All illustrations: Dominic Xavier/Rediff.com

*"Bhagwan ka naam din bhar lena chahiye."

*"Khaane peene ko milta hai."

*"Lekin dimag kaam nahin kar raha hai."

*"Gaav jaane ka man kar raha hai."

*"Bandh karke rakha hai hum logon ko idhar."

*"Agar aana-jaana allow karte, toh woh dil ko fresh rakhta hai or mann halka."

*"Aur hamara behan chaar kg chicken manga ke party kar rahein hai, gaav mein."

Eavesdroppers often hear highly educational snippets.

When I am in the kitchen, every morning, washing my packets of fresh milk, for three sets of 40 seconds each, and dunking them in boiling hot water, my ears log into the conversations unfolding in the rear of the building.

The neighbour across has a family of live-in help, the Mahadiks, who occupy one room at the back of their flat.

And these are the bits of dialogue that are usually emanating from the head male member of that family, Suresh Mahadik, who sagaciously weighs in, daily, on every aspect of lockdown Mumbai life.

Either to different people on the phone.

Or his mother in the village.

Or sometimes the grizzled, weather-worn garbage collector, Suresh Chauhan, who hasn't been able to go home to his family in Chunnabatti, north east Mumbai, since April 1, sits down with him and they chew the fat.

Chauhan talks, it seems longingly, about the khet (fields) on the banks of the Ganga Maaee in his native UP.

They discuss how to grow fresh coriander -- a rare commodity in times like these -- in a pot.

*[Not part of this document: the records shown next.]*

(* Let $\mathfrak g_1,\mathfrak g_2$ be vector spaces and $\mathcal G=\mathfrak g_1\oplus\mathfrak g_2$. There is a one-to-one correspondence between matched pairs of Lie triple systems $(\mathfrak g_1,\mathfrak g_2;\rho_1,\rho_2)$ and strict twilled Lie triple system structures on $\mathcal G$ (with respect to $\mathfrak g_1,\mathfrak g_2$). It sends a matched pair to $\mathcal G$ with the bracket $$[x+u,y+v,z+w]_{\bowtie}=[x,y,z]_{\mathfrak g_1}+D_2(u,v)z+\rho_2(v,w)x-\rho_2(u,w)y+[u,v,w]_{\mathfrak g_2}+D_1(x,y)w+\rho_1(y,z)u-\rho_1(x,z)v,$$ and conversely sends a strict twilled Lie triple system $(\mathcal G,[\cdot,\cdot,\cdot]_{\mathcal G})$ to the restricted brackets on $\mathfrak g_1,\mathfrak g_2$ together with $\rho_1(x,y)u=[u,x,y]_2$ and $\rho_2(u,v)x=[x,u,v]_1$ ($x,y,z\in\mathfrak g_1$, $u,v,w\in\mathfrak g_2$).
   Context: All vector spaces are over a field of characteristic $0$. A Lie triple system is a vector space with a trilinear bracket $[\cdot,\cdot,\cdot]$ satisfying $[x,x,y]=0$, $[x,y,z]+[y,z,x]+[z,x,y]=0$ and $[x,y,[z,w,t]]=[[x,y,z],w,t]+[z,[x,y,w],t]+[z,w,[x,y,t]]$. A representation of a Lie triple system $\mathfrak g$ on $V$ is a bilinear $\rho:\otimes^2\mathfrak g\to\mathfrak{gl}(V)$ with $D(x,y):=\rho(y,x)-\rho(x,y)$ such that $\rho(z,w)\rho(x,y)-\rho(y,w)\rho(x,z)-\rho(x,[y,z,w])+D(y,z)\rho(x,w)=0$ and $\rho([x,y,z],w)+\rho(z,[x,y,w])=[D(x,y),\rho(z,w)]$. A matched pair $(\mathfrak g_1,\mathfrak g_2;\rho_1,\rho_2)$ consists of Lie triple systems $(\mathfrak g_1,[\cdot,\cdot,\cdot]_{\mathfrak g_1})$, $(\mathfrak g_2,[\cdot,\cdot,\cdot]_{\mathfrak g_2})$, a representation $\rho_1$ of $\mathfrak g_1$ on $\mathfrak g_2$ and a representation $\rho_2$ of $\mathfrak g_2$ on $\mathfrak g_1$, with $D_1(x,y)=\rho_1(y,x)-\rho_1(x,y)$, $D_2(u,v)=\rho_2(v,u)-\rho_2(u,v)$, such that for all $x,y,z\in\mathfrak g_1$, $u,v,w\in\mathfrak g_2$: $\rho_2(u,v)[x,y,z]_{\mathfrak g_1}=[x,y,\rho_2(u,v)z]_{\mathfrak g_1}-\rho_2(D_1(x,y)u,v)z-\rho_2(u,D_1(x,y)v)z$; $[x,y,\rho_2(u,v)z]_{\mathfrak g_1}=\rho_2(u,D_1(x,y)v)z+\rho_2(\rho_1(z,y)u,v)x-\rho_2(\rho_1(z,x)u,v)y$; $[\rho_2(u,v)x,y,z]_{\mathfrak g_1}=\rho_2(u,\rho_1(y,z)v)x+D_2(v,\rho_1(x,y)u)z-\rho_2(v,\rho_1(x,z)u)y$; $\rho_1(x,y)[u,v,w]_{\mathfrak g_2}=[u,v,\rho_1(x,y)w]_{\mathfrak g_2}-\rho_1(D_2(u,v)x,y)w-\rho_1(x,D_2(u,v)y)w$; $[u,v,\rho_1(x,y)w]_{\mathfrak g_2}=\rho_1(x,D_2(u,v)y)w+\rho_1(\rho_2(w,v)x,y)u-\rho_1(\rho_2(w,u)x,y)v$; $[\rho_1(x,y)u,v,w]_{\mathfrak g_2}=\rho_1(x,\rho_2(v,w)y)u+D_1(y,\rho_2(u,v)x)w-\rho_1(y,\rho_2(u,w)x)v$. A strict twilled Lie triple system structure on $\mathcal G=\mathfrak g_1\oplus\mathfrak g_2$ is a Lie triple system bracket $[\cdot,\cdot,\cdot]_{\mathcal G}$ on $\mathcal G$ for which $\mathfrak g_1$ and $\mathfrak g_2$ are subalgebras and, writing $[a,b,c]_i$ for the $\mathfrak g_i$-component, $[x,y,w]_1=[u,y,z]_1=[x,v,z]_1=0$ and $[u,v,z]_2=[x,v,w]_2=[u,y,w]_2=0$ for all $x,y,z\in\mathfrak g_1,u,v,w\in\mathfrak g_2$ (i.e. the bracket maps tensors with exactly one $\mathfrak g_2$-factor into $\mathfrak g_2$ and with exactly two $\mathfrak g_2$-factors into $\mathfrak g_1$; equivalently the component $\hat\psi$ of bidegree $1|1$ vanishes). *)

theory Defs
  imports Main "HOL.Vector_Spaces" "HOL-Library.Product_Plus"
begin
lemma min_ollivier_le_alpha_mod:
  assumes sectional: "\<And>x y. adj P x y \<Longrightarrow> nonneg_sectional P x y"
  shows "min_ollivier P \<le> alpha_mod P m"
proof (cases "\<exists>x y. adj P x y")
  case True
  then obtain a b :: 'a where "a \<noteq> b" by (auto simp: adj_def)
  then obtain f where "\<And>x. 0 < f x" "inner_m m f (\<lambda>_. 1) = 1" "f a \<noteq> f b"
    by (rule nonconstant_density_exists) blast
  show ?thesis
    unfolding alpha_mod_def
  proof (rule cInf_greatest)
    fix r assume "r \<in> {dirichlet P m f (\<lambda>x. ln (f x)) / Ent m f | f.
        (\<forall>x. 0 < f x) \<and> inner_m m f (\<lambda>_. 1) = 1 \<and> (\<exists>x y. f x \<noteq> f y)}"
    then obtain f a b where r: "r = dirichlet P m f (\<lambda>x. ln (f x)) / Ent m f"
      and f_pos: "\<And>x. 0 < f x" and normalized: "inner_m m f (\<lambda>_. 1) = 1" and "f a \<noteq> f b"
      by blast
    have "0 < Ent m f" using f_pos normalized \<open>f a \<noteq> f b\<close> by (rule Ent_pos)
    have "\<alpha> \<le> r" if "\<alpha> < min_ollivier P" for \<alpha>
      using mlsi_gap_nonneg[OF sectional f_pos normalized that] \<open>0 < Ent m f\<close>
      by (simp add: r mlsi_gap_def pos_le_divide_eq)
    then show "min_ollivier P \<le> r" by (rule dense_le)
  next
    show "{dirichlet P m f (\<lambda>x. ln (f x)) / Ent m f | f.
        (\<forall>x. 0 < f x) \<and> inner_m m f (\<lambda>_. 1) = 1 \<and> (\<exists>x y. f x \<noteq> f y)} \<noteq> {}"
      using \<open>\<And>x. 0 < f x\<close> \<open>inner_m m f (\<lambda>_. 1) = 1\<close> \<open>f a \<noteq> f b\<close> by blast
  qed
next
  case False
  \<comment> \<open>without edges both sets are empty, and both sides are the same junk value \<open>Inf {}\<close>\<close>
  then have "\<not> (\<exists>x y. f x \<noteq> f y)" for f :: "'a \<Rightarrow> real"
    using edgewise_constant by blast
  then have no_ratios: "{dirichlet P m f (\<lambda>x. ln (f x)) / Ent m f | f.
      (\<forall>x. 0 < f x) \<and> inner_m m f (\<lambda>_. 1) = 1 \<and> (\<exists>x y. f x \<noteq> f y)} = {}"
    by simp
  have no_edges: "{ollivier P x y | x y. adj P x y} = {}" using False by blast
  show ?thesis unfolding alpha_mod_def no_ratios no_edges ..
qed

end

theorem theorem4p4:
  fixes P :: "'a::finite \<Rightarrow> 'a \<Rightarrow> real" and m :: "'a \<Rightarrow> real"
  assumes "lazy P"
    and "symmetric_support P"
    and "reversible_prob P m"
    and "connected_chain P"
    and "\<And>x y. adj P x y \<Longrightarrow> nonneg_sectional P x y"
  shows "alpha_mod P m \<ge> Inf {ollivier P x y | x y. adj P x y}"
proof -
  \<comment> \<open>only the Markov property is used from laziness; symmetric support follows from reversibility\<close>
  interpret reversible_chain P m
    using assms(1,3,4) by unfold_locales (simp_all add: lazy_def)
  show ?thesis using assms(5) by (rule min_ollivier_le_alpha_mod)
qed

end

And mango trees in gamlas (flower pots); why that is of consequence, who knows.

These conversations, and so many other tiny little crazy things, signal how upside-down our days have become.

Our Lockdown Life has a sort of schizophrenic, Dr-Jekyll-and-Mr-Hyde personality about it.

Some of it makes you want to weep.

And causes dense gloom.

There's a sense that one is living in some kind of lost age, like the people who got frozen in Sleeping Beauty's castle.

The rest is often amusing.

Or at least deeply ironical.

Like the arguments on WhatsApp groups about the dire need to have domestic help back.

And the issues that some folks I know are facing dealing with seven live-in domestic help including the driver!

Or the south Mumbai concept of social distancing which still involves the watchman running to a car door or the building gate, standing not even six inches away, forget six feet, as the resident regally glides in or out.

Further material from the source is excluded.